[Saved data entries]

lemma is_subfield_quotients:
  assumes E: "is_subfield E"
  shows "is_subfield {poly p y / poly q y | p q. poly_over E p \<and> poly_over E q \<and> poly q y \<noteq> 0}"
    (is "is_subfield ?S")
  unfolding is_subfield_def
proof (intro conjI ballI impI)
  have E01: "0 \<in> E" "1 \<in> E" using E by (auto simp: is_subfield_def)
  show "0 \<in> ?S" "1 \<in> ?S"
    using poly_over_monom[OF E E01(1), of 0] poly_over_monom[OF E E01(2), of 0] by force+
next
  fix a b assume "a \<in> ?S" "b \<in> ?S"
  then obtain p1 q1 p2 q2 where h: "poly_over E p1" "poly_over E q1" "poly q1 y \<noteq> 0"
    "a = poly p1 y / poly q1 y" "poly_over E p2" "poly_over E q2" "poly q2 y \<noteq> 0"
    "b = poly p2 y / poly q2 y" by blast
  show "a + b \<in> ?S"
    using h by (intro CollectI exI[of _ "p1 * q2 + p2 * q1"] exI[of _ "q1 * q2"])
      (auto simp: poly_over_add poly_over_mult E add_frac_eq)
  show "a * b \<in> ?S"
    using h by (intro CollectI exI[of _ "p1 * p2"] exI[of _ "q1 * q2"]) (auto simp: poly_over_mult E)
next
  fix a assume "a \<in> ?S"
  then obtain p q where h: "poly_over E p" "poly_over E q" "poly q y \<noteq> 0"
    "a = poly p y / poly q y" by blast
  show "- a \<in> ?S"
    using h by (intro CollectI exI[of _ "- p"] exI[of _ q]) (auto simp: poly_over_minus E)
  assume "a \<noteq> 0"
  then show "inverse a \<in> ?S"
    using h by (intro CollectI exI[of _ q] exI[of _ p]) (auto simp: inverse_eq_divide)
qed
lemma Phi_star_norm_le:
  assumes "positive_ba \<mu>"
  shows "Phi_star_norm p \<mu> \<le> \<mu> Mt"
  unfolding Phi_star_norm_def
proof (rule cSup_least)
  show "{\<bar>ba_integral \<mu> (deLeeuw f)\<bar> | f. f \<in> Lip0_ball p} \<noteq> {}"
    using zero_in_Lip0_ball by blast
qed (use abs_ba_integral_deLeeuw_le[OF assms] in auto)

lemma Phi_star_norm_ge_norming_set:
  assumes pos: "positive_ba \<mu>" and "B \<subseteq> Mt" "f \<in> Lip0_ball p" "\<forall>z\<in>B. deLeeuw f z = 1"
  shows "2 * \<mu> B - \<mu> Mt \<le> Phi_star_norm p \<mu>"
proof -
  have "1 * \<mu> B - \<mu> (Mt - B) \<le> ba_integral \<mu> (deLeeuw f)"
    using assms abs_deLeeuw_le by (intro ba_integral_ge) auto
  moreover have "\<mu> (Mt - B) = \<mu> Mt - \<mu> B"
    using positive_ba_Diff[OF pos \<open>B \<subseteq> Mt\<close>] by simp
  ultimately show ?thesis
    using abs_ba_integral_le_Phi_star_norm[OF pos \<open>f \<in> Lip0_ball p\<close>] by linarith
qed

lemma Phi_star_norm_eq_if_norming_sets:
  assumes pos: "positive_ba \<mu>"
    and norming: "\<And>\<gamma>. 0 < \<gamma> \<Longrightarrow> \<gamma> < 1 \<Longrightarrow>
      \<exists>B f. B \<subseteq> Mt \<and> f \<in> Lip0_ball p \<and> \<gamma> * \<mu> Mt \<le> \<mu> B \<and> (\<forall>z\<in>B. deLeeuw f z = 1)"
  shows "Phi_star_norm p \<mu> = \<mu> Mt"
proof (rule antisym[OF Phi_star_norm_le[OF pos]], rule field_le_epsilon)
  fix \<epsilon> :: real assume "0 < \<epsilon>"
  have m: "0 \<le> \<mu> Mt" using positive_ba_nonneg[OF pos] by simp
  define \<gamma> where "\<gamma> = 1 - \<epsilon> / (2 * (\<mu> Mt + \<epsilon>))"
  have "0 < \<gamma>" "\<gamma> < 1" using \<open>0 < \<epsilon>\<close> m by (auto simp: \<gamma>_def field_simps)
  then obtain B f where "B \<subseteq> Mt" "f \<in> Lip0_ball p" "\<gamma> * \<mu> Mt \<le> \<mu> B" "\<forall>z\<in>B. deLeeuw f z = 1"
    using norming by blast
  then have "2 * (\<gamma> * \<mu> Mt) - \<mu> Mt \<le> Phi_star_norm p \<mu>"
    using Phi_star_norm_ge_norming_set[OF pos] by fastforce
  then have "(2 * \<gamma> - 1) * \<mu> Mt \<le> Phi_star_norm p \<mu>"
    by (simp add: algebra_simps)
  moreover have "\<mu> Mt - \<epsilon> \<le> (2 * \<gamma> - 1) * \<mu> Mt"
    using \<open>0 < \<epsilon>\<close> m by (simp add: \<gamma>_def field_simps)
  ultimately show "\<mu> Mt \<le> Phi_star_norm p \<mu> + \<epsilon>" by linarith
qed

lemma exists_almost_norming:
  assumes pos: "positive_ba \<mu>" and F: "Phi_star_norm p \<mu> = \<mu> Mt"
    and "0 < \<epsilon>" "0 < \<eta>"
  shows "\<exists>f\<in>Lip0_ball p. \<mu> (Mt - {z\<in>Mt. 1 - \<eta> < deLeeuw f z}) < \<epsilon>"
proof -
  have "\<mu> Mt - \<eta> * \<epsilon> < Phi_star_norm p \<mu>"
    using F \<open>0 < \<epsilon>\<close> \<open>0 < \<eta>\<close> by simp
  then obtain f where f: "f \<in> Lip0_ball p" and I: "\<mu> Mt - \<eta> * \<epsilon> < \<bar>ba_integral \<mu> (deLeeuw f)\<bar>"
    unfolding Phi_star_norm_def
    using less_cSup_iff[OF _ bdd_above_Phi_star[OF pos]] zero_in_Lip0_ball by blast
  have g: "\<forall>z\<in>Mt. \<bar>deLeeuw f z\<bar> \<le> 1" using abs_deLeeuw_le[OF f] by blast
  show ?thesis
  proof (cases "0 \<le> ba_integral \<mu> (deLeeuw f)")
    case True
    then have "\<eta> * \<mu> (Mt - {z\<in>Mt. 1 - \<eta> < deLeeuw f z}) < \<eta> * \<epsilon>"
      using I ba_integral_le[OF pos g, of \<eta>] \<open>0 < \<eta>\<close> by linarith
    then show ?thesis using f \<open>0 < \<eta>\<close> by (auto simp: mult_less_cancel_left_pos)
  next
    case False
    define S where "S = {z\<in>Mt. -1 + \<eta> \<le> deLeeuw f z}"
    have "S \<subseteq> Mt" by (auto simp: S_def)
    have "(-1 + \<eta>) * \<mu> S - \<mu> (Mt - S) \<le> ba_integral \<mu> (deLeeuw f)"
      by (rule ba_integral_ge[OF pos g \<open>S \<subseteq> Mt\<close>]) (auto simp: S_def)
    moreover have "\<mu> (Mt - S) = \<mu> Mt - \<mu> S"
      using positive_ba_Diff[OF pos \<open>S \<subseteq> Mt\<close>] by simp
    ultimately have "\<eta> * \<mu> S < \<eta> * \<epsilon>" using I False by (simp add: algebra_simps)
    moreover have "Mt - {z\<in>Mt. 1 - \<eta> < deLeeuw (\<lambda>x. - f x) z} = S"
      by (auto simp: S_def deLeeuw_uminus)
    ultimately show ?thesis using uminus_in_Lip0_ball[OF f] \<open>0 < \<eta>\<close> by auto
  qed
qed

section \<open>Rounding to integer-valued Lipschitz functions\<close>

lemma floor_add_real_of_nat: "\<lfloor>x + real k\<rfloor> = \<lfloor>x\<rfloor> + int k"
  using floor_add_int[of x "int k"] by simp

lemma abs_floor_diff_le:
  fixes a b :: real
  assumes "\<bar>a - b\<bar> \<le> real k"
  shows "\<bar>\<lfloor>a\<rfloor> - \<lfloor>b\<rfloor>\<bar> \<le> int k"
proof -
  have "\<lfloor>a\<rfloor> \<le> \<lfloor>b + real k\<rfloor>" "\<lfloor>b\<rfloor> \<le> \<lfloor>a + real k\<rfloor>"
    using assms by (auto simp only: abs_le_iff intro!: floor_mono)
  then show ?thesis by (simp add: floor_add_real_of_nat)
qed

- [Description of the task]:
In the entries above, restate word for word the lines between the one holding "by (auto simp: S_def)" and the one holding "False by (simp add: algebra_simps)", inclusive, and nothing besides.

- [Exercise output]:
    have "S \<subseteq> Mt" by (auto simp: S_def)
    have "(-1 + \<eta>) * \<mu> S - \<mu> (Mt - S) \<le> ba_integral \<mu> (deLeeuw f)"
      by (rule ba_integral_ge[OF pos g \<open>S \<subseteq> Mt\<close>]) (auto simp: S_def)
    moreover have "\<mu> (Mt - S) = \<mu> Mt - \<mu> S"
      using positive_ba_Diff[OF pos \<open>S \<subseteq> Mt\<close>] by simp
    ultimately have "\<eta> * \<mu> S < \<eta> * \<epsilon>" using I False by (simp add: algebra_simps)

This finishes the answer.